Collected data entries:
(* Consider a combinatorial auction on a finite item set $X$ using the VCG rules. Let $u_1,\dots,u_k$ be the (reported) valuations of the other bidders and let $u=u_1\vee\dots\vee u_k$ be their combined valuation; suppose $u$ is submodular. Let a player have true valuation $v$. Suppose that instead of bidding under a single identity the player places bids under two identities with valuations $v_1$ and $v_2$, receiving bundles $S_1,S_2$ and paying VCG payments $p_1,p_2$ in that auction. Then $v(S_1\cup S_2)-p_1-p_2$ is at most the utility the player obtains by bidding truthfully $v$ under a single identity; that is, the player cannot benefit from placing false-name bids.
   Context: A valuation on $X$ is a function $w:2^X\to\mathbb{R}_{\ge 0}$ with $w(\emptyset)=0$ and monotone under inclusion. For valuations $w_1,w_2$, $(w_1\vee w_2)(S)=\max_{T\subseteq S}(w_1(T)+w_2(S\setminus T))$; this is associative, and $w_1\vee\dots\vee w_k(S)$ is the maximum of $\sum_i w_i(T_i)$ over partitions of $S$ into $T_1,\dots,T_k$. A valuation $w$ is submodular if $w(A)+w(B)\ge w(A\cup B)+w(A\cap B)$ for all $A,B\subseteq X$. VCG rules: given reported valuations of all bidders, the items are allocated by an allocation (partition of $X$) maximizing the sum of reported valuations; a bidder $i$ receiving $S_i$ pays $\max\sum_{j\ne i}w_j(T_j)-\sum_{j\ne i}w_j(S_j)$, where the max is over allocations of $X$ among the bidders other than $i$ (equivalently, with an optimal allocation, $W_{-i}(X)-W_{-i}(X\setminus S_i)$ where $W_{-i}$ is the OR of the other bidders' valuations). A bidder's utility is his true value of the items received minus the payments made. *)

theory Defs
  imports Complex_Main
begin

type_synonym 'a valuation = "'a set \<Rightarrow> real"

definition valuation :: "'a set \<Rightarrow> 'a valuation \<Rightarrow> bool" where
  "valuation X w \<longleftrightarrow> w {} = 0 \<and> (\<forall>S. S \<subseteq> X \<longrightarrow> 0 \<le> w S)
     \<and> (\<forall>S T. S \<subseteq> T \<longrightarrow> T \<subseteq> X \<longrightarrow> w S \<le> w T)"

definition submodular :: "'a set \<Rightarrow> 'a valuation \<Rightarrow> bool" where
  "submodular X w \<longleftrightarrow> (\<forall>A B. A \<subseteq> X \<longrightarrow> B \<subseteq> X \<longrightarrow>
     w (A \<union> B) + w (A \<inter> B) \<le> w A + w B)"

definition vee :: "'a valuation \<Rightarrow> 'a valuation \<Rightarrow> 'a valuation" where
  "vee w1 w2 S = Max ((\<lambda>T. w1 T + w2 (S - T)) ` Pow S)"

definition OR_list :: "'a valuation list \<Rightarrow> 'a valuation" where
  "OR_list ws = foldr vee ws (\<lambda>_. 0)"

definition is_alloc :: "'a set \<Rightarrow> 'b set \<Rightarrow> ('b \<Rightarrow> 'a set) \<Rightarrow> bool" where
  "is_alloc S J A \<longleftrightarrow> (\<forall>i\<in>J. A i \<subseteq> S) \<and> (\<forall>i\<in>J. \<forall>j\<in>J. i \<noteq> j \<longrightarrow> A i \<inter> A j = {})
     \<and> (\<Union>i\<in>J. A i) = S"

definition welfare :: "('b \<Rightarrow> 'a valuation) \<Rightarrow> 'b set \<Rightarrow> ('b \<Rightarrow> 'a set) \<Rightarrow> real" where
  "welfare w J A = (\<Sum>i\<in>J. w i (A i))"

definition opt_welfare :: "'a set \<Rightarrow> 'b set \<Rightarrow> ('b \<Rightarrow> 'a valuation) \<Rightarrow> real" where
  "opt_welfare S J w = Max {welfare w J A | A. is_alloc S J A}"

definition optimal_alloc :: "'a set \<Rightarrow> 'b set \<Rightarrow> ('b \<Rightarrow> 'a valuation) \<Rightarrow> ('b \<Rightarrow> 'a set) \<Rightarrow> bool" where
  "optimal_alloc X J w A \<longleftrightarrow> is_alloc X J A \<and>
     (\<forall>B. is_alloc X J B \<longrightarrow> welfare w J B \<le> welfare w J A)"

definition vcg_payment :: "'a set \<Rightarrow> 'b set \<Rightarrow> ('b \<Rightarrow> 'a valuation) \<Rightarrow> ('b \<Rightarrow> 'a set) \<Rightarrow> 'b \<Rightarrow> real" where
  "vcg_payment X J w A i = opt_welfare X (J - {i}) w - welfare w (J - {i}) A"

end

theory Submission
  imports Defs "HOL-Library.FuncSet"
begin

text \<open>Let U be the OR of the other bidders' valuations and R = X - (S1 \<union> S2) the items
  they receive. Whenever the valuation w placed first in an OR is monotone, the optimal welfare
  is (w \<or> U)(X). So identity 1 pays at least U(X - S2) - U R and identity 2 at least
  U(X - S1) - U R, which by submodularity of U add up to at least U X - U R. A truthful bidder
  gets utility (v \<or> U)(X) - U X \<ge> v(S1 \<union> S2) + U R - U X.\<close>

lemma vee_ge:
  assumes "finite S" and "T \<subseteq> S"
  shows "w1 T + w2 (S - T) \<le> vee w1 w2 S"
  unfolding vee_def using assms by (intro Max_ge) auto

lemma vee_attained:
  assumes "finite S"
  obtains T where "T \<subseteq> S" and "vee w1 w2 S = w1 T + w2 (S - T)"
proof -
  have "vee w1 w2 S \<in> (\<lambda>T. w1 T + w2 (S - T)) ` Pow S"
    unfolding vee_def using assms by (intro Max_in) auto
  then show ?thesis using that by auto
qed

lemma OR_list_Nil [simp]: "OR_list [] = (\<lambda>_. 0)"
  by (simp add: OR_list_def)

lemma OR_list_Cons [simp]: "OR_list (w # ws) = vee w (OR_list ws)"
  by (simp add: OR_list_def)

lemma valuation_mono: "valuation X w \<Longrightarrow> S \<subseteq> T \<Longrightarrow> T \<subseteq> X \<Longrightarrow> w S \<le> w T"
  unfolding valuation_def by blast

lemma is_alloc_insert:
  assumes "i \<notin> J"
  shows "is_alloc S (insert i J) B \<longleftrightarrow> B i \<subseteq> S \<and> is_alloc (S - B i) J B"
  using assms unfolding is_alloc_def by (auto 4 3)

lemma is_alloc_cong: "(\<And>j. j \<in> J \<Longrightarrow> B j = C j) \<Longrightarrow> is_alloc S J B = is_alloc S J C"
  unfolding is_alloc_def by (simp cong: SUP_cong)

lemma is_alloc_fun_upd [simp]: "i \<notin> J \<Longrightarrow> is_alloc S J (B(i := T)) = is_alloc S J B"
  by (rule is_alloc_cong) auto

lemma welfare_fun_upd [simp]: "i \<notin> J \<Longrightarrow> welfare w J (B(i := T)) = welfare w J B"
  unfolding welfare_def by (auto intro!: sum.cong)

lemma welfare_insert:
  "finite J \<Longrightarrow> i \<notin> J \<Longrightarrow> welfare w (insert i J) B = w i (B i) + welfare w J B"
  unfolding welfare_def by simp

lemma is_alloc_exists:
  assumes "j \<in> J"
  shows "is_alloc S J (\<lambda>i. if i = j then S else {})"
  using assms unfolding is_alloc_def by auto

lemma finite_welfares:
  assumes "finite S" and "finite J"
  shows "finite {welfare w J A | A. is_alloc S J A}"
proof -
  have "{welfare w J A | A. is_alloc S J A} \<subseteq> welfare w J ` (J \<rightarrow>\<^sub>E Pow S)"
  proof
    fix x assume "x \<in> {welfare w J A | A. is_alloc S J A}"
    then obtain A where x: "x = welfare w J A" and A: "is_alloc S J A" by auto
    have "restrict A J \<in> J \<rightarrow>\<^sub>E Pow S" using A by (auto simp: is_alloc_def)
    moreover have "welfare w J (restrict A J) = x"
      unfolding x welfare_def by (intro sum.cong) auto
    ultimately show "x \<in> welfare w J ` (J \<rightarrow>\<^sub>E Pow S)" by force
  qed
  then show ?thesis using assms by (meson finite_PiE finite_Pow_iff finite_imageI finite_subset)
qed

lemma welfare_le_opt_welfare:
  "finite S \<Longrightarrow> finite J \<Longrightarrow> is_alloc S J B \<Longrightarrow> welfare w J B \<le> opt_welfare S J w"
  unfolding opt_welfare_def by (intro Max_ge finite_welfares) auto

lemma opt_welfare_attained:
  assumes "finite S" and "finite J" and "is_alloc S J B"
  obtains C where "is_alloc S J C" and "opt_welfare S J w = welfare w J C"
proof -
  have "opt_welfare S J w \<in> {welfare w J A | A. is_alloc S J A}"
    unfolding opt_welfare_def using assms by (intro Max_in finite_welfares) auto
  then show ?thesis using that by auto
qed

lemma optimal_alloc_welfare:
  assumes "finite X" and "finite J" and "optimal_alloc X J w A"
  shows "welfare w J A = opt_welfare X J w"
  using assms unfolding optimal_alloc_def opt_welfare_def
  by (intro Max_eqI[symmetric] finite_welfares) auto

lemma welfare_le_OR_list:
  assumes "finite S" and "distinct is" and "is_alloc S (set is) B"
  shows "welfare f (set is) B \<le> OR_list (map f is) S"
  using assms
proof (induction "is" arbitrary: S)
  case Nil
  then show ?case by (simp add: welfare_def)
next
  case (Cons i "is")
  then have Bi: "B i \<subseteq> S" and rest: "is_alloc (S - B i) (set is) B"
    by (simp_all add: is_alloc_insert)
  have "welfare f (set (i # is)) B = f i (B i) + welfare f (set is) B"
    using Cons.prems by (simp add: welfare_insert)
  also have "\<dots> \<le> f i (B i) + OR_list (map f is) (S - B i)"
    using Cons rest by simp
  also have "\<dots> \<le> OR_list (map f (i # is)) S"
    using Cons.prems Bi by (simp add: vee_ge)
  finally show ?case .
qed

text \<open>The allocation need not cover S: the empty OR discards the items left over.\<close>

lemma OR_list_attained:
  assumes "finite S" and "distinct is"
  obtains T B where "T \<subseteq> S" and "is_alloc T (set is) B"
    and "welfare f (set is) B = OR_list (map f is) S"
  using assms
proof (induction "is" arbitrary: S thesis)
  case Nil
  then show ?case by (simp add: is_alloc_def welfare_def)
next
  case (Cons i "is")
  obtain P where P: "P \<subseteq> S" and OR_eq: "OR_list (map f (i # is)) S
      = f i P + OR_list (map f is) (S - P)"
    using vee_attained[OF \<open>finite S\<close>] by auto
  obtain T B where T: "T \<subseteq> S - P" and B: "is_alloc T (set is) B"
    and B_welfare: "welfare f (set is) B = OR_list (map f is) (S - P)"
    using Cons.IH[of "S - P"] Cons.prems by auto
  have i: "i \<notin> set is" "finite (set is)" using Cons.prems by auto
  have "(P \<union> T) - P = T" using T by auto
  then have "is_alloc (P \<union> T) (set (i # is)) (B(i := P))"
    using B i by (simp add: is_alloc_insert)
  moreover have "welfare f (set (i # is)) (B(i := P)) = OR_list (map f (i # is)) S"
    using i B_welfare OR_eq by (simp add: welfare_insert)
  ultimately show ?case using Cons.prems(1) P T by blast
qed

lemma opt_welfare_le_OR_list:
  assumes "finite S" and "distinct is" and "is \<noteq> []"
  shows "opt_welfare S (set is) f \<le> OR_list (map f is) S"
proof -
  obtain j where j: "j \<in> set is" using assms(3) by (cases "is") auto
  obtain C where C: "is_alloc S (set is) C" and opt: "opt_welfare S (set is) f = welfare f (set is) C"
    by (rule opt_welfare_attained[OF assms(1) finite_set is_alloc_exists[OF j]])
  show ?thesis unfolding opt by (rule welfare_le_OR_list[OF assms(1,2) C])
qed

text \<open>Monotonicity of the first valuation lets it absorb the items the OR discards.\<close>

lemma OR_list_le_opt_welfare:
  assumes "finite X" and "distinct (p # is)" and "valuation X (f p)"
  shows "OR_list (map f (p # is)) X \<le> opt_welfare X (set (p # is)) f"
proof -
  obtain P where P: "P \<subseteq> X" and OR_eq: "OR_list (map f (p # is)) X
      = f p P + OR_list (map f is) (X - P)"
    using vee_attained[OF \<open>finite X\<close>] by auto
  obtain T B where T: "T \<subseteq> X - P" and B: "is_alloc T (set is) B"
    and B_welfare: "welfare f (set is) B = OR_list (map f is) (X - P)"
    using OR_list_attained[of "X - P" "is"] assms(1,2) by auto
  have p: "p \<notin> set is" "finite (set is)" using assms(2) by auto
  define D where "D = B(p := X - T)"
  have "X - (X - T) = T" using T by auto
  then have D: "is_alloc X (set (p # is)) D"
    using B p unfolding D_def by (simp add: is_alloc_insert)
  have "f p P \<le> f p (X - T)"
    using P T by (intro valuation_mono[OF assms(3)]) auto
  then have "OR_list (map f (p # is)) X \<le> welfare f (set (p # is)) D"
    using OR_eq B_welfare p unfolding D_def by (simp add: welfare_insert)
  also have "\<dots> \<le> opt_welfare X (set (p # is)) f"
    using welfare_le_opt_welfare[OF assms(1) _ D] by simp
  finally show ?thesis .
qed

lemma vcg_payment_ge:
  assumes "finite X" and "distinct (p # q # os)" and "valuation X (f q)"
    and A: "is_alloc X (set (p # q # os)) A"
  shows "OR_list (map f os) (X - A q) - welfare f (set os) A
    \<le> vcg_payment X (set (p # q # os)) f A p"
proof -
  have others: "set (p # q # os) - {p} = set (q # os)" using assms(2) by auto
  have "A q \<subseteq> X" using A unfolding is_alloc_def by simp
  then have "f q (A q) + OR_list (map f os) (X - A q) \<le> OR_list (map f (q # os)) X"
    using assms(1) by (simp add: vee_ge)
  also have "\<dots> \<le> opt_welfare X (set (q # os)) f"
    using assms by (intro OR_list_le_opt_welfare) auto
  moreover have "welfare f (set (q # os)) A = f q (A q) + welfare f (set os) A"
    using assms(2) by (simp add: welfare_insert)
  ultimately show ?thesis unfolding vcg_payment_def others by linarith
qed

What is being asked: Transcribe exactly, and only, the lines from the opening line of the records through the line containing "(\<forall>S T. S".

Solution to this problem:
(* Consider a combinatorial auction on a finite item set $X$ using the VCG rules. Let $u_1,\dots,u_k$ be the (reported) valuations of the other bidders and let $u=u_1\vee\dots\vee u_k$ be their combined valuation; suppose $u$ is submodular. Let a player have true valuation $v$. Suppose that instead of bidding under a single identity the player places bids under two identities with valuations $v_1$ and $v_2$, receiving bundles $S_1,S_2$ and paying VCG payments $p_1,p_2$ in that auction. Then $v(S_1\cup S_2)-p_1-p_2$ is at most the utility the player obtains by bidding truthfully $v$ under a single identity; that is, the player cannot benefit from placing false-name bids.
   Context: A valuation on $X$ is a function $w:2^X\to\mathbb{R}_{\ge 0}$ with $w(\emptyset)=0$ and monotone under inclusion. For valuations $w_1,w_2$, $(w_1\vee w_2)(S)=\max_{T\subseteq S}(w_1(T)+w_2(S\setminus T))$; this is associative, and $w_1\vee\dots\vee w_k(S)$ is the maximum of $\sum_i w_i(T_i)$ over partitions of $S$ into $T_1,\dots,T_k$. A valuation $w$ is submodular if $w(A)+w(B)\ge w(A\cup B)+w(A\cap B)$ for all $A,B\subseteq X$. VCG rules: given reported valuations of all bidders, the items are allocated by an allocation (partition of $X$) maximizing the sum of reported valuations; a bidder $i$ receiving $S_i$ pays $\max\sum_{j\ne i}w_j(T_j)-\sum_{j\ne i}w_j(S_j)$, where the max is over allocations of $X$ among the bidders other than $i$ (equivalently, with an optimal allocation, $W_{-i}(X)-W_{-i}(X\setminus S_i)$ where $W_{-i}$ is the OR of the other bidders' valuations). A bidder's utility is his true value of the items received minus the payments made. *)

theory Defs
  imports Complex_Main
begin

type_synonym 'a valuation = "'a set \<Rightarrow> real"

definition valuation :: "'a set \<Rightarrow> 'a valuation \<Rightarrow> bool" where
  "valuation X w \<longleftrightarrow> w {} = 0 \<and> (\<forall>S. S \<subseteq> X \<longrightarrow> 0 \<le> w S)
     \<and> (\<forall>S T. S \<subseteq> T \<longrightarrow> T \<subseteq> X \<longrightarrow> w S \<le> w T)"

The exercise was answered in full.